2. All keys stored unencrypted. In this case, we might not want to even
*have* a separate signing key. (We'll need to support no-separate-
signing-key mode anyway to keep old servers working.)
3. All keys stored encrypted. You need to enter a passphrase to start
Tor.
(Of course, we might not want to implement all of these.)
Case 1 is probably most usable and secure, if we assume that people don't
forget their passphrases or lose their floppies.

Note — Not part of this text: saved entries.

theorem corollary3:
  fixes V \<psi>m :: "nat \<Rightarrow> real" and a b :: real
  assumes "a > 1" and "b > 1"
    and "is_solution V \<psi>m"
    and "(\<lambda>n. a powr (real n powr b) * \<psi>m n) \<longlonglongrightarrow> 1"
  shows
    "(\<forall>\<psi>. is_solution V \<psi> \<and>
          (\<forall>\<alpha> \<beta>. (\<forall>n. \<alpha> * \<psi> n + \<beta> * \<psi>m n = 0) \<longrightarrow> \<alpha> = 0 \<and> \<beta> = 0) \<longrightarrow>
        (eventually (\<lambda>n. \<bar>\<psi> n\<bar> < \<bar>\<psi> (Suc n)\<bar>) sequentially) \<and>
        (\<forall>C>0. filterlim (\<lambda>n. \<bar>\<psi> n\<bar> / C ^ n) at_top sequentially) \<and>
        (\<lambda>n. a powr (- (real n powr b)) * \<psi> n) \<longlonglongrightarrow> 0)
     \<and> (\<forall>\<psi>. is_solution V \<psi> \<longrightarrow> (\<exists>B. \<forall>n. \<bar>\<psi> n * \<psi>m n\<bar> \<le> B))
     \<and> (\<forall>c d \<psi>p. (c, d) \<noteq> (0, 0) \<and> zero_notin_spectrum V c d \<and>
          is_solution V \<psi>p \<and> (\<exists>n. \<psi>p n \<noteq> 0) \<and> c * \<psi>p 1 + d * \<psi>p 2 = 0 \<longrightarrow>
          (\<exists>B. \<forall>m\<ge>1. \<forall>n\<ge>1. \<bar>green_matrix \<psi>p \<psi>m m n\<bar> \<le> B))"
proof -
  interpret decaying_solution V \<psi>m "\<lambda>n. a powr (real n powr b)"
    using assms by (rule decaying_solution_powr)
  have powr_minus_mult: "a powr (- (real n powr b)) * \<psi> n = \<psi> n / a powr (real n powr b)" for n \<psi>
    by (simp add: powr_minus divide_inverse mult.commute)
  show ?thesis
  proof (intro conjI allI impI)
    fix \<psi>
    assume indep: "is_solution V \<psi> \<and> (\<forall>\<alpha> \<beta>. (\<forall>n. \<alpha> * \<psi> n + \<beta> * \<psi>m n = 0) \<longrightarrow> \<alpha> = 0 \<and> \<beta> = 0)"
    then have sol: "is_solution V \<psi>" ..
    have W: "wronskian \<psi>m \<psi> \<noteq> 0"
      using wronskian_ne_0_if_independent[OF sol] indep by blast
    show "\<forall>\<^sub>F n in sequentially. \<bar>\<psi> n\<bar> < \<bar>\<psi> (Suc n)\<bar>"
      using eventually_abs_increasing[OF sol W] .
    show "filterlim (\<lambda>n. \<bar>\<psi> n\<bar> / C ^ n) at_top sequentially" if "C > 0" for C
      using abs_div_power_at_top[OF sol W that] .
    show "(\<lambda>n. a powr (- (real n powr b)) * \<psi> n) \<longlonglongrightarrow> 0"
      unfolding powr_minus_mult using solution_div_e_tendsto_0[OF sol] .
  next
    fix \<psi> assume "is_solution V \<psi>"
    then show "\<exists>B. \<forall>n. \<bar>\<psi> n * \<psi>m n\<bar> \<le> B"
      using solution_times_decaying_bounded by blast
  next
    fix c d \<psi>p assume "(c, d) \<noteq> (0, 0) \<and> zero_notin_spectrum V c d \<and> is_solution V \<psi>p \<and>
      (\<exists>n. \<psi>p n \<noteq> 0) \<and> c * \<psi>p 1 + d * \<psi>p 2 = 0"
    \<comment> \<open>In the paper the spectral hypothesis only guarantees \<open>W \<noteq> 0\<close>; here \<open>x / 0 = 0\<close> makes
      the bound hold regardless.\<close>
    then obtain K where "\<forall>i j. i \<le> j \<longrightarrow> \<bar>\<psi>p i * \<psi>m j\<bar> \<le> K"
      using solution_times_decaying_bounded by blast
    then have "\<bar>green_matrix \<psi>p \<psi>m m n\<bar> \<le> K / \<bar>wronskian \<psi>m \<psi>p\<bar>" for m n
      by (intro green_matrix_abs_le) simp
    then show "\<exists>B. \<forall>m\<ge>1. \<forall>n\<ge>1. \<bar>green_matrix \<psi>p \<psi>m m n\<bar> \<le> B" by blast
  qed
qed

end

We could mitigate this a
bit by encouraging people to PGP-encrypt their passphrases to themselves,
or keep a cleartext copy of their secret key secret-split into a few
pieces, or something like that.
Migration presents another difficulty, especially with the authorities. If
we use the current set of identity keys as the new identity keys, we're in
the position of having sensitive keys that have been stored on
media-of-dubious-encryption up to now. Also, we need to keep old clients
(who will expect descriptors to be signed by the identity keys they know
and love, and who will not understand signing keys) happy.
I'd enumerate designs here, but I'm hoping that somebody will come up with
a better one, so I'll try not to prejudice them with more ideas yet.
Oh, and of course, we'll want to make sure that the keys are
cross-certified. :)
Ideas? -NM
3.4. Long and short descriptors
Some of the costliest fields in the current directory protocol are ones
that no client actually uses. In particular, the "read-history" and
"write-history" fields are used only by the authorities for monitoring the
status of the network. If we took them out, the size of a compressed list
of all the routers would fall by about 60%. (No other disposable field
would save more than 2%.)
One possible solution here is that routers should generate and upload a
short-form and long-form descriptor. Only the short-form descriptor should
ever be used by anybody for routing. The long-form descriptor should be
used only for analytics and other tools. (If we allowed people to route with
long descriptors, we'd have to ensure that they stayed in sync with the
short ones somehow.)
Another possible solution would be to drop these fields from descriptors,
and have them uploaded as a part of a separate "bandwidth report" to the
authorities. This could help prevent the mistake of using long descriptors
in the place of short ones.
Thoughts? -NM
4. Migration
For directory voting, ...
caches need to start caching consensuses and accepting multisigned documents.